Experimental model and study participant details
Primary urothelial bladder cancer tumor tissue was obtained after obtaining informed consent in the context of an Institutional Review Board (IRB)-approved genitourinary cancer clinical database and specimen collection protocol (IRB #10-1180) at the Tisch Cancer Institute, Icahn School of Medicine at Mount Sinai (New York, NY). The assembled scRNAseq cohort consists of 13 male patients and 7 female patients. The participant age ranges from 46 to 87 with the median age of 70. Details on participant race, age and gender can be found in Table S2.
Method details
Single cell RNAseq cohort
Most of scRNAseq data were described in previous studies3,6,15,16 (listed in the key resources Table S1).
Specimen preparation
In brief, all scRNAseq libraries were constructed from fresh tumor tissues. Patients undergoing transurethral resection of bladder tumor had a portion of their tumor placed immediately into RPMI medium in the operating room. The specimen was then transferred to the laboratory for further processing.

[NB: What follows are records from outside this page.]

(* Let $\mathfrak{A}$ be a finite-dimensional alternative $\mathbb{Q}$-algebra with radical $\mathfrak{R}$, so that $\mathfrak{A}\cong\mathfrak{S}\oplus\mathfrak{R}$ with $\mathfrak{S}$ a semisimple subalgebra. If $\mathfrak{A}$ has the hyperbolic property, then $\mathfrak{R}$ is $2$-nilpotent (i.e. $\mathfrak{R}^2=0$), and there exists $j_0\in\mathfrak{R}$ with $j_0^2=0$ such that $\mathfrak{R}=\mathbb{Q}j_0$ is the $\mathbb{Q}$-linear span of $j_0$.
   Context: An algebra is alternative if $(xx)y=x(xy)$ and $(yx)x=y(xx)$ for all $x,y$. A $\mathbb{Z}$-order of a finite-dimensional $\mathbb{Q}$-algebra $\mathfrak{A}$ is a unital subring $\Gamma$ that is finitely generated as a $\mathbb{Z}$-module and spans $\mathfrak{A}$ over $\mathbb{Q}$; its units (elements with a two-sided inverse in $\Gamma$) form a loop $\mathcal{U}(\Gamma)$ under multiplication. A loop has the hyperbolic property if it contains no subgroup isomorphic to the free abelian group $\mathbb{Z}^2$ of rank two. The algebra $\mathfrak{A}$ has the hyperbolic property if there exists a $\mathbb{Z}$-order $\Gamma\subset\mathfrak{A}$ whose unit loop $\mathcal{U}(\Gamma)$ has the hyperbolic property. *)

theory Defs
  imports Complex_Main
begin

definition fd_Q_algebra ::
  "(rat \<Rightarrow> 'a \<Rightarrow> 'a) \<Rightarrow> ('a::ab_group_add \<Rightarrow> 'a \<Rightarrow> 'a) \<Rightarrow> 'a \<Rightarrow> bool" where
  "fd_Q_algebra sc m e \<longleftrightarrow>
     vector_space sc \<and>
     (\<exists>B. finite B \<and> module.span sc B = UNIV) \<and>
     (\<forall>x y z. m (x + y) z = m x z + m y z \<and> m x (y + z) = m x y + m x z) \<and>
     (\<forall>c x y. m (sc c x) y = sc c (m x y) \<and> m x (sc c y) = sc c (m x y)) \<and>
     (\<forall>x. m e x = x \<and> m x e = x)"

definition alternative :: "('a \<Rightarrow> 'a \<Rightarrow> 'a) \<Rightarrow> bool" where
  "alternative m \<longleftrightarrow> (\<forall>x y. m (m x x) y = m x (m x y) \<and> m (m y x) x = m y (m x x))"

definition is_ideal ::
  "(rat \<Rightarrow> 'a \<Rightarrow> 'a) \<Rightarrow> ('a::ab_group_add \<Rightarrow> 'a \<Rightarrow> 'a) \<Rightarrow> 'a set \<Rightarrow> bool" where
  "is_ideal sc m I \<longleftrightarrow> module.subspace sc I \<and> (\<forall>x i. i \<in> I \<longrightarrow> m x i \<in> I \<and> m i x \<in> I)"

inductive prod_of :: "('a \<Rightarrow> 'a \<Rightarrow> 'a) \<Rightarrow> 'a set \<Rightarrow> nat \<Rightarrow> 'a \<Rightarrow> bool"
  for m I where
  base: "x \<in> I \<Longrightarrow> prod_of m I 1 x"
| mult: "prod_of m I a x \<Longrightarrow> prod_of m I b y \<Longrightarrow> prod_of m I (a + b) (m x y)"

text \<open>I is nilpotent: I^n = 0 for some n >= 1 (I^n is spanned by all products of
n elements of I in all bracketings).\<close>
definition nilpotent_set :: "('a::zero \<Rightarrow> 'a \<Rightarrow> 'a) \<Rightarrow> 'a set \<Rightarrow> bool" where
  "nilpotent_set m I \<longleftrightarrow> (\<exists>n\<ge>1. \<forall>x. prod_of m I n x \<longrightarrow> x = 0)"

definition is_radical ::
  "(rat \<Rightarrow> 'a \<Rightarrow> 'a) \<Rightarrow> ('a::ab_group_add \<Rightarrow> 'a \<Rightarrow> 'a) \<Rightarrow> 'a set \<Rightarrow> bool" where
  "is_radical sc m R \<longleftrightarrow> is_ideal sc m R \<and> nilpotent_set m R \<and>
     (\<forall>I. is_ideal sc m I \<and> nilpotent_set m I \<longrightarrow> I \<subseteq> R)"

definition Z_order ::
  "(rat \<Rightarrow> 'a \<Rightarrow> 'a) \<Rightarrow> ('a::ab_group_add \<Rightarrow> 'a \<Rightarrow> 'a) \<Rightarrow> 'a \<Rightarrow> 'a set \<Rightarrow> bool" where
  "Z_order sc m e G \<longleftrightarrow>
     e \<in> G \<and> (\<forall>x\<in>G. \<forall>y\<in>G. x - y \<in> G \<and> m x y \<in> G) \<and>
     (\<exists>F. finite F \<and> G = {\<Sum>g\<in>F. sc (of_int (c g)) g | c. True}) \<and>
     module.span sc G = UNIV"

definition unit_loop :: "('a \<Rightarrow> 'a \<Rightarrow> 'a) \<Rightarrow> 'a \<Rightarrow> 'a set \<Rightarrow> 'a set" where
  "unit_loop m e G = {u \<in> G. \<exists>v\<in>G. m u v = e \<and> m v u = e}"

definition contains_Z2 :: "('a \<Rightarrow> 'a \<Rightarrow> 'a) \<Rightarrow> 'a set \<Rightarrow> bool" where
  "contains_Z2 m U \<longleftrightarrow> (\<exists>\<phi> :: int \<times> int \<Rightarrow> 'a. inj \<phi> \<and> range \<phi> \<subseteq> U \<and>
     (\<forall>a b c d. \<phi> (a + c, b + d) = m (\<phi> (a, b)) (\<phi> (c, d))))"

definition hyperbolic_loop :: "('a \<Rightarrow> 'a \<Rightarrow> 'a) \<Rightarrow> 'a set \<Rightarrow> bool" where
  "hyperbolic_loop m U \<longleftrightarrow> \<not> contains_Z2 m U"

definition hyperbolic_algebra ::
  "(rat \<Rightarrow> 'a \<Rightarrow> 'a) \<Rightarrow> ('a::ab_group_add \<Rightarrow> 'a \<Rightarrow> 'a) \<Rightarrow> 'a \<Rightarrow> bool" where
  "hyperbolic_algebra sc m e \<longleftrightarrow>
     (\<exists>G. Z_order sc m e G \<and> hyperbolic_loop m (unit_loop m e G))"

end

theory Submission imports Defs begin

text \<open>If R is not a rational line, choose a nonzero product l of maximal length (it
annihilates R) and then a product x outside the line Ql of maximal length; since x^2 is a
longer product, it lies in Ql. Multiplying by suitable integers puts x and l into a given
Z-order, and there the units e + aX + (b + ta^2)Y, with X^2 = 2tY and X, Y otherwise
annihilating each other, form a copy of Z^2, contradicting hyperbolicity. So R = Qj0, and
j0^2 = c j0 forces c = 0, since otherwise j0/c would be a nonzero idempotent.\<close>

section \<open>Products of elements of a set\<close>

lemma prod_of_pos: "prod_of m I k x \<Longrightarrow> 1 \<le> k"
  by (induction rule: prod_of.induct) auto

lemma prod_of_mem:
  assumes "prod_of m I k x" and "\<forall>x\<in>I. \<forall>y\<in>I. m x y \<in> I"
  shows "x \<in> I"
  using assms by (induction rule: prod_of.induct) auto

lemma prod_of_shorter:
  assumes "prod_of m I k x" and closed: "\<forall>x\<in>I. \<forall>y\<in>I. m x y \<in> I"
    and "1 \<le> j" and "j \<le> k"
  shows "prod_of m I j x"
  using assms(1,3,4)
proof (induction arbitrary: j rule: prod_of.induct)
  case (base x)
  then show ?case using prod_of.base[of x I m] by simp
next
  case (mult a x b y)
  have a1: "1 \<le> a" and b1: "1 \<le> b"
    using prod_of_pos[OF mult.hyps(1)] prod_of_pos[OF mult.hyps(2)] .
  show ?case
  proof (cases "j = 1")
    case True
    have "m x y \<in> I"
      using prod_of_mem[OF mult.hyps(1) closed] prod_of_mem[OF mult.hyps(2) closed] closed
      by blast
    then show ?thesis using True prod_of.base[of "m x y" I m] by simp
  next
    case False
    define i where "i = min a (j - 1)"
    have "1 \<le> i" "i \<le> a" "1 \<le> j - i" "j - i \<le> b" "i \<le> j"
      using False a1 b1 mult.prems unfolding i_def by auto
    then have "prod_of m I i x" "prod_of m I (j - i) y"
      using mult.IH(1)[of i] mult.IH(2)[of "j - i"] by simp_all
    then have "prod_of m I (i + (j - i)) (m x y)"
      by (rule prod_of.mult)
    then show ?thesis using \<open>i \<le> j\<close> by simp
  qed
qed

lemma nilpotent_prod_of_eq_0:
  assumes "nilpotent_set m I" and "\<forall>x\<in>I. \<forall>y\<in>I. m x y \<in> I"
  obtains n where "\<And>k x. prod_of m I k x \<Longrightarrow> n \<le> k \<Longrightarrow> x = 0"
proof -
  obtain n where "1 \<le> n" and "\<And>x. prod_of m I n x \<Longrightarrow> x = 0"
    using assms(1) unfolding nilpotent_set_def by blast
  have "x = 0" if "prod_of m I k x" and "n \<le> k" for k x
    using prod_of_shorter[OF that(1) assms(2) \<open>1 \<le> n\<close> that(2)] \<open>\<And>x. prod_of m I n x \<Longrightarrow> x = 0\<close>
    by blast
  then show ?thesis using that by blast
qed

lemma nilpotent_deepest_product:
  assumes "nilpotent_set m I" and "\<forall>x\<in>I. \<forall>y\<in>I. m x y \<in> I"
    and "y \<in> I" and "y \<notin> Z" and "0 \<in> Z"
  obtains k x where "prod_of m I k x" and "x \<notin> Z"
    and "\<And>j z. prod_of m I j z \<Longrightarrow> k < j \<Longrightarrow> z \<in> Z"
proof -
  obtain n where vanish: "\<And>k x. prod_of m I k x \<Longrightarrow> n \<le> k \<Longrightarrow> x = 0"
    using nilpotent_prod_of_eq_0[OF assms(1,2)] by blast
  define P where "P k \<longleftrightarrow> (\<exists>x. prod_of m I k x \<and> x \<notin> Z)" for k
  have bounded: "k \<le> n" if "P k" for k
  proof (rule ccontr)
    obtain x where "prod_of m I k x" and "x \<notin> Z"
      using \<open>P k\<close> unfolding P_def by blast
    moreover assume "\<not> k \<le> n"
    ultimately have "x = 0"
      using vanish by simp
    with \<open>x \<notin> Z\<close> \<open>0 \<in> Z\<close> show False by simp
  qed
  have "P 1"
    using prod_of.base[OF assms(3)] assms(4) unfolding P_def by blast
  define k where "k = (GREATEST k. P k)"
  have "P k"
    unfolding k_def using \<open>P 1\<close> bounded by (rule GreatestI_nat)
  then obtain x where "prod_of m I k x" and "x \<notin> Z"
    unfolding P_def by blast
  moreover have "z \<in> Z" if "prod_of m I j z" and "k < j" for j z
  proof (rule ccontr)
    assume "z \<notin> Z"
    with \<open>prod_of m I j z\<close> have "P j"
      unfolding P_def by blast
    then have "j \<le> k"
      unfolding k_def using bounded by (rule Greatest_le_nat)
    with \<open>k < j\<close> show False by simp
  qed
  ultimately show ?thesis
    by (rule that)
qed

lemma nilpotent_idempotent_eq_0:
  assumes "nilpotent_set m I" and "f \<in> I" and "m f f = f"
  shows "f = 0"
proof -
  have powers: "prod_of m I (Suc k) f" for k
  proof (induction k)
    case 0
    show ?case using \<open>f \<in> I\<close> prod_of.base by simp
  next
    case (Suc k)
    have "prod_of m I (Suc k + 1) (m f f)"
      using Suc prod_of.base[OF \<open>f \<in> I\<close>] by (rule prod_of.mult)
    then show ?case using \<open>m f f = f\<close> by simp
  qed
  obtain n where "1 \<le> n" and "\<And>x. prod_of m I n x \<Longrightarrow> x = 0"
    using assms(1) unfolding nilpotent_set_def by blast
  then show ?thesis
    using powers[of "n - 1"] by simp
qed

locale Q_algebra = vector_space sc
  for sc :: "rat \<Rightarrow> 'a::ab_group_add \<Rightarrow> 'a" +
  fixes m :: "'a \<Rightarrow> 'a \<Rightarrow> 'a" and e :: 'a
  assumes mult_add_left [simp]: "m (x + y) z = m x z + m y z"
    and mult_add_right [simp]: "m x (y + z) = m x y + m x z"
    and mult_scale_left [simp]: "m (sc c x) y = sc c (m x y)"
    and mult_scale_right [simp]: "m x (sc c y) = sc c (m x y)"
    and mult_unit_left [simp]: "m e x = x"
    and mult_unit_right [simp]: "m x e = x"
begin

lemma mult_zero_left [simp]: "m 0 y = 0"
  using mult_add_left[of 0 0 y] by simp

lemma nilpotent_ideal_square_in_line:
  assumes "is_ideal sc m R" and "nilpotent_set m R"
    and not_line: "\<forall>j\<in>R. \<not> R \<subseteq> range (\<lambda>c. sc c j)"
  obtains x l where "x \<in> R" and "l \<in> R" and "l \<noteq> 0"
    and "\<And>z. z \<in> R \<Longrightarrow> m l z = 0" and "\<And>z. z \<in> R \<Longrightarrow> m z l = 0"
    and "x \<notin> range (\<lambda>c. sc c l)" and "m x x \<in> range (\<lambda>c. sc c l)"
proof -
  have closed: "\<forall>x\<in>R. \<forall>y\<in>R. m x y \<in> R"
    using assms(1) unfolding is_ideal_def by blast
  have "0 \<in> R"
    using assms(1) subspace_0 unfolding is_ideal_def by blast
  then have "\<not> R \<subseteq> range (\<lambda>c. sc c 0)"
    using not_line by blast
  then obtain y where "y \<in> R" "y \<notin> {0}"
    by auto
  then obtain k l where kl: "prod_of m R k l" "l \<notin> {0}"
    and deeper: "\<And>j z. prod_of m R j z \<Longrightarrow> k < j \<Longrightarrow> z \<in> {0}"
    using nilpotent_deepest_product[OF assms(2) closed] by blast
  have "m l z = 0" "m z l = 0" if "z \<in> R" for z
    using deeper[OF prod_of.mult[OF kl(1) prod_of.base[OF that]]]
      deeper[OF prod_of.mult[OF prod_of.base[OF that] kl(1)]] prod_of_pos[OF kl(1)]
    by auto
  moreover have "l \<in> R"
    using kl(1) closed by (rule prod_of_mem)
  then obtain y' where "y' \<in> R" "y' \<notin> range (\<lambda>c. sc c l)"
    using not_line by blast
  then obtain k' x where x: "prod_of m R k' x" "x \<notin> range (\<lambda>c. sc c l)"
    and deeper': "\<And>j z. prod_of m R j z \<Longrightarrow> k' < j \<Longrightarrow> z \<in> range (\<lambda>c. sc c l)"
    using nilpotent_deepest_product[OF assms(2) closed, of y' "range (\<lambda>c. sc c l)"]
    by (metis rangeI scale_zero_left)
  have "prod_of m R (k' + 1) (m x x)"
    using prod_of_shorter[OF prod_of.mult[OF x(1) x(1)] closed] prod_of_pos[OF x(1)] by simp
  then have "m x x \<in> range (\<lambda>c. sc c l)"
    using deeper' by simp
  ultimately show ?thesis
    using that prod_of_mem[OF x(1) closed] \<open>l \<in> R\<close> kl(2) x(2) by blast
qed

Patients undergoing radical cystectomy and lymph node dissection had their bladder and lymph node tissues sent directly to the pathology suite upon completion of the lymph node dissection. The bladder was bivalved and a portion of visible tumor was then placed in media as above. Adjacent normal tissue was identified in a subset of specimens on the basis of visual inspection. The specimen was then transferred to the laboratory for further processing.
Unsorted scRNAseq sample preparation
Tissue specimens were processed immediately upon receipt and dissociated into single-cell suspensions using the GentleMACS Octodissociator with kit matched to the tissue type (Miltenyi Biotec) following the manufacturer's instructions. scRNA-seq libraries were prepared on these samples using the Chromium Platform (10x Genomics) with the 3′ gene expression V3 kit, using an input of approximately 10,000 cells.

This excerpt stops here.